theorem theorem2:
  fixes init :: "('x::finite \<times> ('i::finite \<Rightarrow> 'h::finite)) pmf"
    and W :: "nat \<Rightarrow> 'w::finite pmf"
    and f :: "nat \<Rightarrow> 'x \<Rightarrow> ('i \<Rightarrow> 'u::finite) \<Rightarrow> 'w \<Rightarrow> 'x \<times> ('i \<Rightarrow> 'y::finite) \<times> ('i \<Rightarrow> real)"
    and U :: "nat \<Rightarrow> 'i \<Rightarrow> 'u set"
    and T :: nat
    and iota1 :: "'i \<Rightarrow> 'h \<Rightarrow> 'k::finite"
    and iota :: "nat \<Rightarrow> 'i \<Rightarrow> 'k \<Rightarrow> ('u \<times> 'y) \<Rightarrow> 'k"
  assumes rewards: "\<forall>t\<in>{1..T}. \<forall>x u w i. \<bar>snd (snd (f t x u w)) i\<bar> \<le> 1"
    and usi: "\<forall>i. USI init W f U T iota1 iota i"
  shows "{(\<lambda>i. payoff init W f T (kinduced iota1 iota rho) i) | rho.
            valid_kprofile U T rho \<and> is_BNE init W f U T (kinduced iota1 iota rho)}
       = {(\<lambda>i. payoff init W f T g i) | g. is_BNE init W f U T g}"
proof (intro equalityI subsetI)
  fix v
  assume "v \<in> {(\<lambda>i. payoff init W f T g i) | g. is_BNE init W f U T g}"
  then obtain g where v: "v = (\<lambda>i. payoff init W f T g i)" and bne: "is_BNE init W f U T g"
    by blast
  have valid: "valid_profile U T g"
    using bne by (simp add: is_BNE_def)
  let ?rho = "usi_kprofile init W f U T iota1 iota g"
  have "v = (\<lambda>i. payoff init W f T (kinduced iota1 iota ?rho) i)"
    using payoff_kinduced_usi_kprofile[OF usi valid] v by simp
  moreover have "valid_kprofile U T ?rho"
    using valid by (rule valid_kprofile_usi_kprofile)
  moreover have "is_BNE init W f U T (kinduced iota1 iota ?rho)"
    using usi bne by (rule is_BNE_kinduced_usi_kprofile)
  ultimately show "v \<in> {(\<lambda>i. payoff init W f T (kinduced iota1 iota rho) i) | rho.
            valid_kprofile U T rho \<and> is_BNE init W f U T (kinduced iota1 iota rho)}"
    by blast
qed blast

end
lemma omega_psd: "psd (n*n) (omega n)"
proof -
  have "Im (\<Sum>x<n*n. \<Sum>y<n*n. cnj (v x) * omega n $$ (x,y) * v y) = 0 \<and>
        Re (\<Sum>x<n*n. \<Sum>y<n*n. cnj (v x) * omega n $$ (x,y) * v y) \<ge> 0" for v
  proof -
    define S where "S = (\<Sum>y<n*n. if y mod n = y div n then v y else 0)"
    have cnj_S: "(\<Sum>x<n*n. if x mod n = x div n then cnj (v x) else 0) = cnj S"
      unfolding S_def cnj_sum by (rule sum.cong) auto
    have "(\<Sum>x<n*n. \<Sum>y<n*n. cnj (v x) * omega n $$ (x,y) * v y)
        = (\<Sum>x<n*n. \<Sum>y<n*n. (if x mod n = x div n then cnj (v x) else 0)
                              * (if y mod n = y div n then v y else 0))"
      by (intro sum.cong refl) (auto simp: omega_def)
    also have "\<dots> = (\<Sum>x<n*n. if x mod n = x div n then cnj (v x) else 0) * S"
      by (simp add: S_def sum_product)
    also have "\<dots> = cnj S * S"
      by (simp only: cnj_S)
    also have "\<dots> = of_real ((cmod S)^2)"
      by (metis complex_norm_square mult.commute)
    finally show ?thesis by simp
  qed
  then show ?thesis unfolding psd_def by (simp add: omega_def)
qed

lemma block_index_less: "(i::nat) < n \<Longrightarrow> p < n \<Longrightarrow> i*n+p < n*n"
proof -
  assume "i < n" "p < n"
  then have "i*n+p < Suc i * n" by simp
  also have "\<dots> \<le> n*n" using \<open>i < n\<close> by (intro mult_le_mono1) simp
  finally show ?thesis .
qed

lemma blk_omega: "i < n \<Longrightarrow> j < n \<Longrightarrow> blk n (omega n) i j = E n i j"
  by (rule eq_matI) (auto simp: blk_def E_def omega_def block_index_less)

lemma choi_index:
  "i < n \<Longrightarrow> j < n \<Longrightarrow> p < n \<Longrightarrow> q < n \<Longrightarrow>
   amplify n n L (omega n) $$ (i*n+p, j*n+q) = L (E n i j) $$ (p,q)"
  by (simp add: amplify_def block_index_less blk_omega)

lemma cp_sparse_form_nonneg:
  assumes "completely_positive n L" and "\<forall>(c,i,p)\<in>set vs. i < n \<and> p < n"
  shows "0 \<le> Re (sparse_form (\<lambda>i p j q. L (E n i j) $$ (p,q)) vs)"
proof -
  let ?C = "amplify n n L (omega n)"
  have "psd (n*n) ?C"
    using assms(1) omega_psd unfolding completely_positive_def by blast
  then have "0 \<le> Re (\<Sum>x<n*n. \<Sum>y<n*n. cnj (sparse_vec n vs x) * ?C $$ (x,y) * sparse_vec n vs y)"
    unfolding psd_def by blast
  also have "(\<Sum>x<n*n. \<Sum>y<n*n. cnj (sparse_vec n vs x) * ?C $$ (x,y) * sparse_vec n vs y)
     = sparse_form (\<lambda>i p j q. ?C $$ (i*n+p, j*n+q)) vs"
    by (rule quadratic_form_sparse_vec) (use assms(2) in \<open>auto intro!: block_index_less\<close>)
  also have "\<dots> = sparse_form (\<lambda>i p j q. L (E n i j) $$ (p,q)) vs"
    by (intro sparse_form_cong choi_index) (use assms(2) in fastforce)+
  finally show ?thesis .
qed

section \<open>PPT states detect indecomposability\<close>

text \<open>A PPT witness in C^n \<otimes> C^n: an unnormalised state \<rho> = \<Sum>_v\<in>V |v\<rangle>\<langle>v| whose partial
  transpose equals \<Sum>_w\<in>W |w\<rangle>\<langle>w|, expressed by equality of the pairings with every matrix.\<close>
definition ppt_witness ::
    "nat \<Rightarrow> (complex \<times> nat \<times> nat) list list \<Rightarrow> (complex \<times> nat \<times> nat) list list \<Rightarrow> bool" where
  "ppt_witness n V W \<longleftrightarrow>
     (\<forall>vs \<in> set V \<union> set W. \<forall>(c,i,p)\<in>set vs. i < n \<and> p < n) \<and>
     (\<forall>C. (\<Sum>vs\<leftarrow>V. sparse_form (\<lambda>i p j q. C j p i q) vs) = (\<Sum>vs\<leftarrow>W. sparse_form C vs))"

text \<open>Decomposable maps pair nonnegatively with every PPT state: the L_1 part is handled by
  V directly, the L_2 \<circ> T part becomes, after partial transposition, a pairing with W.\<close>
lemma decomposable_ppt_nonneg:
  assumes "decomposable n L" and "ppt_witness n V W"
  shows "0 \<le> Re (\<Sum>vs\<leftarrow>V. sparse_form (\<lambda>i p j q. L (E n i j) $$ (p,q)) vs)"
proof -
  obtain L1 L2 where cp1: "completely_positive n L1" and cp2: "completely_positive n L2"
    and L: "\<And>X. X \<in> carrier_mat n n \<Longrightarrow> L X = L1 X + L2 (transpose_mat X)"
    using assms(1) unfolding decomposable_def by blast
  have bounds: "\<forall>(c,i,p)\<in>set vs. i < n \<and> p < n" if "vs \<in> set V \<union> set W" for vs
    using assms(2) that unfolding ppt_witness_def by blast
  have L_entry: "L (E n i j) $$ (p,q) = L1 (E n i j) $$ (p,q) + L2 (E n j i) $$ (p,q)"
    if "p < n" "q < n" for i j p q
  proof -
    have "L2 (E n j i) \<in> carrier_mat n n"
      using cp2 unfolding completely_positive_def linear_map_on_def by simp
    then show ?thesis using L[of "E n i j"] that by (simp add: transpose_E)
  qed
  have split: "sparse_form (\<lambda>i p j q. L (E n i j) $$ (p,q)) vs =
       sparse_form (\<lambda>i p j q. L1 (E n i j) $$ (p,q)) vs
     + sparse_form (\<lambda>i p j q. L2 (E n j i) $$ (p,q)) vs"
    if "vs \<in> set V" for vs
    using bounds[of vs] that
    by (subst sparse_form_add[symmetric], intro sparse_form_cong L_entry) fastforce+
  have "(\<Sum>vs\<leftarrow>V. sparse_form (\<lambda>i p j q. L (E n i j) $$ (p,q)) vs)
      = (\<Sum>vs\<leftarrow>V. sparse_form (\<lambda>i p j q. L1 (E n i j) $$ (p,q)) vs)
      + (\<Sum>vs\<leftarrow>W. sparse_form (\<lambda>i p j q. L2 (E n i j) $$ (p,q)) vs)"
    using assms(2) split unfolding ppt_witness_def
    by (simp add: sum_list_addf cong: map_cong)
  moreover have "0 \<le> Re (\<Sum>vs\<leftarrow>V. sparse_form (\<lambda>i p j q. L1 (E n i j) $$ (p,q)) vs)"
    using bounds by (intro Re_sum_list_nonneg cp_sparse_form_nonneg[OF cp1]) blast
  moreover have "0 \<le> Re (\<Sum>vs\<leftarrow>W. sparse_form (\<lambda>i p j q. L2 (E n i j) $$ (p,q)) vs)"
    using bounds by (intro Re_sum_list_nonneg cp_sparse_form_nonneg[OF cp2]) blast
  ultimately show ?thesis by simp
qed

section \<open>An explicit PPT state detecting the indecomposability of Phi\<close>

text \<open>The state lives on the first four coordinates (the first two 2x2 blocks) of both
  tensor factors and depends on the phase w = z_01.\<close>
definition witness_V :: "complex \<Rightarrow> (complex \<times> nat \<times> nat) list list" where
  "witness_V w = [[(1,0,0),(1,1,1),(cnj w,2,2),(cnj w,3,3)],
           [(1,0,2),(w,3,1)], [(1,1,3),(w,2,0)], [(1,0,3),(-w,2,1)], [(1,1,2),(-w,3,0)],
           [(1,0,1)],[(1,0,1)],[(1,0,1)], [(1,1,0)],[(1,1,0)],[(1,1,0)],
           [(cnj w,2,3)],[(cnj w,2,3)],[(cnj w,2,3)], [(cnj w,3,2)],[(cnj w,3,2)],[(cnj w,3,2)]]"

definition witness_W :: "complex \<Rightarrow> (complex \<times> nat \<times> nat) list list" where
  "witness_W w = [[(1,0,0)],[(1,1,1)],[(cnj w,2,2)],[(cnj w,3,3)],
           [(1,0,2),(w,2,0)], [(1,0,3),(w,3,0)], [(1,1,2),(w,2,1)], [(1,1,3),(w,3,1)],
           [(1,0,1),(1,1,0),(cnj w,2,3),(cnj w,3,2)],
           [(1,0,1),(-1,1,0),(-cnj w,2,3),(cnj w,3,2)],
           [(1,0,1),(1,1,0),(-cnj w,2,3),(-cnj w,3,2)]]"

text \<open>The partial transpose identity is a polynomial identity in the entries of C.\<close>
lemma witness_ppt: "4 \<le> n \<Longrightarrow> ppt_witness n (witness_V w) (witness_W w)"
  unfolding ppt_witness_def witness_V_def witness_W_def sparse_form_def
  by (auto simp: algebra_simps)

text \<open>Pairing the witness with the Choi matrix of Phi_2k; only z_01, z_10 enter, and the
  unimodularity of z_01 makes the phases cancel.\<close>
lemma witness_value:
  assumes n: "n = 2*k" and k: "k \<ge> 2"
    and z10: "z 1 0 = cnj (z 0 1)" and unimodular: "z 0 1 * cnj (z 0 1) = 1"
  shows "(\<Sum>vs\<leftarrow>witness_V (z 0 1). sparse_form (\<lambda>i p j q. Phi k z (E n i j) $$ (p,q)) vs)
     = -8 / (2 * of_nat k - 2)"
proof -
  have in_range: "0 < n" "1 < n" "2 < n" "3 < n" "Suc 0 < n" using k n by auto
  have z10': "z (Suc 0) 0 = cnj (z 0 (Suc 0))"
    and unimodular': "z 0 (Suc 0) * cnj (z 0 (Suc 0)) = 1"
    using z10 unimodular by simp_all
  show ?thesis
    unfolding witness_V_def sparse_form_def
    by (simp add: in_range Phi_index[OF n] Let_def tr_E tr_2x2 R2_index z10',
        simp add: unimodular')
qed

lemma witness_value_negative: "k \<ge> 2 \<Longrightarrow> Re (-8 / (2 * complex_of_nat k - 2)) < 0"
proof -
  assume "k \<ge> 2"
  then have "-8 / (2 * real k - 2) < 0" by (simp add: divide_neg_pos)
  moreover have "-8 / (2 * complex_of_nat k - 2) = complex_of_real (-8 / (2 * real k - 2))"
    by simp
  ultimately show ?thesis by simp
qed

theorem mainTheorem9:
  fixes k :: nat and z :: "nat \<Rightarrow> nat \<Rightarrow> complex"
  assumes "k \<ge> 2"
    and "\<And>i j. i < j \<Longrightarrow> j < k \<Longrightarrow> cmod (z i j) = 1"
    and "\<And>i j. i < j \<Longrightarrow> j < k \<Longrightarrow> z j i = cnj (z i j)"
  shows "\<not> decomposable (2*k) (Phi k z)"
proof
  assume decomposable: "decomposable (2*k) (Phi k z)"
  have "0 < (1::nat)" "1 < k" using assms(1) by auto
  then have unimodular: "z 0 1 * cnj (z 0 1) = 1" and z10: "z 1 0 = cnj (z 0 1)"
    using assms(2,3) by (metis complex_norm_square of_real_1 power_one)+
  have "ppt_witness (2*k) (witness_V (z 0 1)) (witness_W (z 0 1))"
    using assms(1) by (intro witness_ppt) simp
  from decomposable_ppt_nonneg[OF decomposable this]
  have "0 \<le> Re (-8 / (2 * complex_of_nat k - 2))"
    by (simp only: witness_value[OF refl assms(1) z10 unimodular])
  with witness_value_negative[OF assms(1)] show False by simp
qed

end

————

## Your objective
If a line in the material above holds "section", copy it.

## Answer box
section \<open>PPT states detect indecomposability\<close>
section \<open>An explicit PPT state detecting the indecomposability of Phi\<close>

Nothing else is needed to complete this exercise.